Category: Post Visit

A visiting doctor thought Nancy might be experience gastroparesis.  This translates to stomach paralysis.  Test will be on Thursday.

Here is a link and the first paragraph there from:

http://www.gi.org/patients/gihealth/gastroparesis.asp

>>Gastroparesis literally translated means “stomach paralysis”. Gastroparesis is a digestive disorder in which the motility of the stomach is either abnormal or absent. In health, when the stomach is functioning normally, contractions of the stomach help to crush ingested food and then propel the pulverized food into the small intestine where further digestion and absorption of nutrients occurs. When the condition of gastroparesis is present the stomach is unable to contract normally, and therefore cannot crush food nor propel food into the small intestine properly. Normal digestion may not occur.<<

Today’s events:  All was progressing well today until after lunch.  I had been talking to the nurse about having Nancy do more than just be in the bed.  Could she walk around some?  Was there a 4-wheeled walker around or could I bring one in?  That sort of thing.

There was a CWU EMT student there for the day so the nurse agreed to more exercise after she and the young man checked Nancy’s vital signs as she moved about – sitting, standing, in and out of a chair.  That all went well.  So after a little exercise she got back into bed and I started to leave.  At that point she expressed some stomach discomfort – like she had to burp.  I urged her to sit up straight and do so.  It was more than a burp.  It was all the liquid she had consumed at lunch.  She has learned to keep a pan handy and so all the mess was contained.

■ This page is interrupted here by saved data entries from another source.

lemma maj2_A_majorant_poly_lt:
  assumes "0 < r" "r \<le> 1/2"
  shows "maj2 (A_majorant_poly r) < r^2"
proof -
  let ?q = "49/60 * (1 - 2*r)^16 + 461/20 * r * (1 - 2*r)^15 + 110033/360 * r^2 * (1 - 2*r)^14
    + 227333/90 * r^3 * (1 - 2*r)^13 + 10477123/720 * r^4 * (1 - 2*r)^12
    + 133744721/2160 * r^5 * (1 - 2*r)^11 + 724113259/3600 * r^6 * (1 - 2*r)^10
    + 5490235111/10800 * r^7 * (1 - 2*r)^9 + 65385606683/64800 * r^8 * (1 - 2*r)^8
    + 10212658937/6480 * r^9 * (1 - 2*r)^7 + 62442620497/32400 * r^10 * (1 - 2*r)^6
    + 1180413974057/648000 * r^11 * (1 - 2*r)^5 + 421454080171/324000 * r^12 * (1 - 2*r)^4
    + 43777086917/64800 * r^13 * (1 - 2*r)^3 + 3100187521/12960 * r^14 * (1 - 2*r)^2
    + 16560153769/324000 * r^15 * (1 - 2*r) + 63316542241/12960000 * r^16"
  have q: "0 < 1/10 + ?q"
    using assms by (intro add_pos_nonneg add_nonneg_nonneg mult_nonneg_nonneg zero_le_power) auto
  have "r^2 - maj2 (A_majorant_poly r) = r^4 * (1/10 + ?q)"
    unfolding maj2_def A_majorant_poly_def by algebra
  moreover have "0 < r^4 * (1/10 + ?q)"
    using assms by (intro mult_pos_pos q zero_less_power) auto
  ultimately show ?thesis by linarith
qed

Shortly thereafter the visiting “hospitalist” came in and talked to Nancy and the others that had witnessed the event.  She was less than surprised and based on Nancy’s long stay in bed before and after surgery expressed her opinion that this would not be uncommon.

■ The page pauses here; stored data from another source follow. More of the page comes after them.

lemma is_submod_quad_K: "is_submod {quad 0 q r q 0 r | q r. True}" (is "is_submod ?K")
  unfolding is_submod_def
proof (intro conjI ballI allI)
  show "0 \<in> ?K"
    by (auto simp: quad_eq_iff simp flip: quad_0)
  show "u + w \<in> ?K" if "u \<in> ?K" "w \<in> ?K" for u w
    using that by (auto simp: quad_add quad_eq_iff)
  show "smult c u \<in> ?K" if "u \<in> ?K" for c u
    using that by (auto simp: smult_quad quad_eq_iff)
  show "act g u \<in> ?K" if "g \<in> U3" "u \<in> ?K" for g u
  proof -
    obtain a b c where g: "g = unitri a b c" using \<open>g \<in> U3\<close> by (rule U3E)
    obtain q r where u: "u = quad 0 q r q 0 r" using \<open>u \<in> ?K\<close> by blast
    have "act g u = quad 0 (q + c * r) r (q + c * r) 0 r"
      unfolding g u act_unitri_quad quad_eq_iff by (simp add: bit_to_bool; argo)
    then show ?thesis by blast
  qed
qed

lemma modK_eq: "modK = {quad 0 q r q 0 r | q r. True}" (is "_ = ?K")
proof
  show "modK \<subseteq> ?K"
    unfolding modK_def using is_submod_quad_K
    by (rule subgen_subset) (auto simp: theta_eq_quad quad_eq_iff)
  show "?K \<subseteq> modK"
  proof
    fix u assume "u \<in> ?K"
    then obtain q r where u: "u = quad 0 q r q 0 r" by blast
    have "smult r theta + smult q (theta + act (unitri 0 0 1) theta) \<in> subgen theta"
      by (intro sg_add sg_smult sg_act sg_gen unitri_in_U3)
    moreover have "smult r theta + smult q (theta + act (unitri 0 0 1) theta) = u"
      unfolding u theta_eq_quad act_unitri_quad quad_add smult_quad quad_eq_iff
      by (simp add: bit_to_bool; argo)
    ultimately show "u \<in> modK" unfolding modK_def by simp
  qed
qed

section \<open>Socles\<close>

lemma smult_line_eq: "{smult c x0 | c. True} = {0, x0}"
proof -
  have "smult c x0 \<in> {0, x0}" for c
    by (cases c) simp_all
  moreover have "0 = smult 0 x0" "x0 = smult 1 x0"
    by simp_all
  ultimately show ?thesis by blast
qed

lemma simple_submod_fixed_line:
  assumes "x0 \<noteq> 0" and fixed: "\<And>g. g \<in> U3 \<Longrightarrow> act g x0 = x0"
  shows "simple_submod {0, x0}"
proof -
  have "is_submod {0, x0}"
    unfolding is_submod_def
  proof (intro conjI ballI allI)
    show "u + w \<in> {0, x0}" if "u \<in> {0, x0}" "w \<in> {0, x0}" for u w
      using that kpoly_add_self[of x0] by auto
    show "smult c u \<in> {0, x0}" if "u \<in> {0, x0}" for c u
      using that by (cases c) auto
    show "act g u \<in> {0, x0}" if "g \<in> U3" "u \<in> {0, x0}" for g u
      using that fixed by auto
  qed simp
  moreover have "T = {0} \<or> T = {0, x0}" if "is_submod T" "T \<subseteq> {0, x0}" for T
    using that unfolding is_submod_def by blast
  ultimately show ?thesis
    using \<open>x0 \<noteq> 0\<close> unfolding simple_submod_def by blast
qed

She wanted Nancy to eat (mostly liquid and soft food tonight) and then nothing until they start the examination tomorrow.  They will give her food with ingredients that will show on an X-ray and then over several hours and several pictures determine if the food stays in the stomach overly long.

We will learn more tomorrow.

Pneumonia was not confirmed.  No fever and no sign of the right germs or whatever it takes in one’s coughed-up material, which there was almost none of anyway.

A couple of weeks ago with Nancy seemingly stable the diuretic was eliminated from the drug arsenal.  But as she was not eating the right stuff, combined with the less than robust heart function, she began to retain fluid again.  To Nancy, currently, the ideal food is Lipton or Campbell noodle soup with a fake chicken aroma and lots of salt.  Sometimes she even eats the noodles.

I can’t hardly buy anything she will eat that isn’t loaded with salt.  I guess the next thing is to buy a grinder and get pieces of things small enough that she will swallow them.  The local hospital calls this a soft mechanical diet.  Think of a chicken salad sandwich without the bread.  Such pureed foods are sold, I think, in the grocery store under the heading of baby food.  That probably won’t do.

Before they kick her out of the hospital tomorrow I will have to have a plan in place.

The past week and weekend were busy and the night’s not very restful.  By Sunday evening late Nancy’s heart rate and pressure were going up and her breathing a bit ragged.  This morning Nancy called the doctor’s clinic and talked to a nurse that knows her.  The nurse, based on the sound of Nancy’s voice and the above mentioned symptoms, suggested bypassing the clinic and going to the ER.  Off we went.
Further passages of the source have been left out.